A Fiscal Capacity Index of 0.86 is a level on the higher side among regional cities, covering more than eight-tenths of expenditure with its own tax revenue. The location of a commuting zone to the city center can be read as having given a degree of thickness to the tax source. What is most readily overlooked in this town is the true identity of that speed — that the aging rate rose as much as two-tenths over twenty years. The town did not suddenly grow old. The mountain of a generation that moved in all at once slid over, exactly as it was, into the elderly layer — that alone advances quietly, hidden in the stability of the total population. This plateau, where Dutch learning took root in Doi Toshikatsu’s castle town and a museum stands on the castle site, is now keeping a different clock — the turnover of the resident generation.

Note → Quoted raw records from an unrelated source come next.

lemma poisson_expect_sums:
  assumes l: "0 < l" and F: "exp_growth n F"
  shows "(\<lambda>m. exp (- (n * l)) * (poisson_coeff n F m * l ^ m)) sums poisson_expect n F l"
proof -
  define Fp Fm where "Fp k = max (F k) 0" and "Fm k = max (- F k) 0" for k
  have F_eq: "F k = Fp k - Fm k" for k
    by (auto simp: Fp_def Fm_def)
  have Fp: "exp_growth n Fp" and Fm: "exp_growth n Fm"
    unfolding Fp_def Fm_def by (rule exp_growth_mono[OF F], force)+
  have E: "poisson_expect n F l = poisson_expect n Fp l - poisson_expect n Fm l"
    unfolding poisson_expect_def F_eq
    by (rule Bochner_Integration.integral_diff) (intro integrable_poisson_prod l Fp Fm)+
  have C: "poisson_coeff n F m = poisson_coeff n Fp m - poisson_coeff n Fm m" for m
    unfolding poisson_coeff_def F_eq by (simp add: sum_subtractf diff_divide_distrib)
  have "(\<lambda>m. exp (- (n * l)) * (poisson_coeff n Fp m * l ^ m)
      - exp (- (n * l)) * (poisson_coeff n Fm m * l ^ m))
      sums (poisson_expect n Fp l - poisson_expect n Fm l)"
    by (intro sums_diff poisson_expect_sums_nonneg l Fp Fm) (auto simp: Fp_def Fm_def)
  then show ?thesis
    unfolding E C by (simp add: left_diff_distrib right_diff_distrib)
qed

lemma incr_apply: "incr i k j = (if j = i then Suc (k i) else k j)"
  by (simp add: incr_def)

lemma sum_incr_weighted:
  fixes w :: "nat \<Rightarrow> 'a::comm_semiring_1"
  assumes "i \<in> A" and "finite A"
  shows "(\<Sum>j\<in>A. of_nat (incr i k j) * w j) = (\<Sum>j\<in>A. of_nat (k j) * w j) + w i"
proof -
  have "(\<Sum>j\<in>A. of_nat (incr i k j) * w j) = of_nat (Suc (k i)) * w i + (\<Sum>j\<in>A - {i}. of_nat (k j) * w j)"
    using assms by (simp add: sum.remove incr_apply)
  also have "\<dots> = (\<Sum>j\<in>A. of_nat (k j) * w j) + w i"
    using assms by (simp add: sum.remove algebra_simps)
  finally show ?thesis .
qed

lemma sum_incr:
  assumes "i \<in> A" and "finite A"
  shows "(\<Sum>j\<in>A. incr i k j) = Suc (\<Sum>j\<in>A. k j)"
  using sum_incr_weighted[OF assms, of k "\<lambda>_. 1 :: nat"] by simp

lemma fact_prod_incr:
  assumes "i < n"
  shows "fact_prod n (incr i k) = Suc (k i) * fact_prod n k"
proof -
  have "fact_prod n (incr i k) = fact (Suc (k i)) * (\<Prod>j\<in>{..<n} - {i}. fact (k j))"
    using assms by (simp add: fact_prod_def prod.remove incr_apply)
  also have "\<dots> = Suc (k i) * fact_prod n k"
    using assms by (simp add: fact_prod_def prod.remove)
  finally show ?thesis .
qed

lemma incr_mass_level:
  assumes k: "k \<in> mass_level n m" and i: "i < n"
  shows "incr i k \<in> mass_level n (Suc m)"
proof -
  have "(\<Sum>j<n. incr i k j) = Suc m"
    using k i by (simp add: sum_incr mass_level_def)
  then show ?thesis
    using k i by (auto simp: mass_level_def PiE_def extensional_def incr_apply)
qed

lemma sum_mass_level_incr:
  assumes i: "i < n"
  shows "(\<Sum>k\<in>mass_level n m. F (incr i k) / fact_prod n k)
       = (\<Sum>k\<in>mass_level n (Suc m). F k * k i / fact_prod n k)"
proof -
  define T where "T = {k \<in> mass_level n (Suc m). 0 < k i}"
  have "(\<Sum>k\<in>mass_level n m. F (incr i k) / fact_prod n k) = (\<Sum>k\<in>T. F k * k i / fact_prod n k)"
  proof (rule sum.reindex_bij_witness[where j = "incr i" and i = "\<lambda>k. k(i := k i - 1)"])
    fix k assume k: "k \<in> mass_level n m"
    show "(incr i k)(i := incr i k i - 1) = k"
      by (auto simp: incr_apply)
    show "incr i k \<in> T"
      using incr_mass_level[OF k i] by (simp add: T_def incr_apply)
    show "F (incr i k) * incr i k i / fact_prod n (incr i k) = F (incr i k) / fact_prod n k"
      using fact_prod_pos[of n k] by (simp add: fact_prod_incr[OF i] incr_apply del: of_nat_Suc)
  next
    fix k assume k: "k \<in> T"
    then show k_eq: "incr i (k(i := k i - 1)) = k"
      by (simp add: T_def incr_def)
    have "Suc (\<Sum>j<n. (k(i := k i - 1)) j) = Suc m"
      using k i sum_incr[of i "{..<n}" "k(i := k i - 1)"] unfolding k_eq
      by (simp add: T_def mass_level_def)
    then show "k(i := k i - 1) \<in> mass_level n m"
      using k i by (auto simp: T_def mass_level_def PiE_def extensional_def)
  qed
  also have "\<dots> = (\<Sum>k\<in>mass_level n (Suc m). F k * k i / fact_prod n k)"
    by (rule sum.mono_neutral_left) (auto simp: T_def finite_mass_level)
  finally show ?thesis .
qed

Where the hands of that clock next point is decided by the number of the generation now beginning to live in Sakura. What I (Atlas) can lay out reaches only to the fact that the hands are moving.
Source: Population Census (Statistics Bureau, MIC) / Sakura City / Sakura Juntendo (history; Doi Toshikatsu; Sakura Castle; Dutch learning; the National Museum of Japanese History — overview) / Sakura City, Chiba (the history of Sakura — Sakura Castle and the castle town)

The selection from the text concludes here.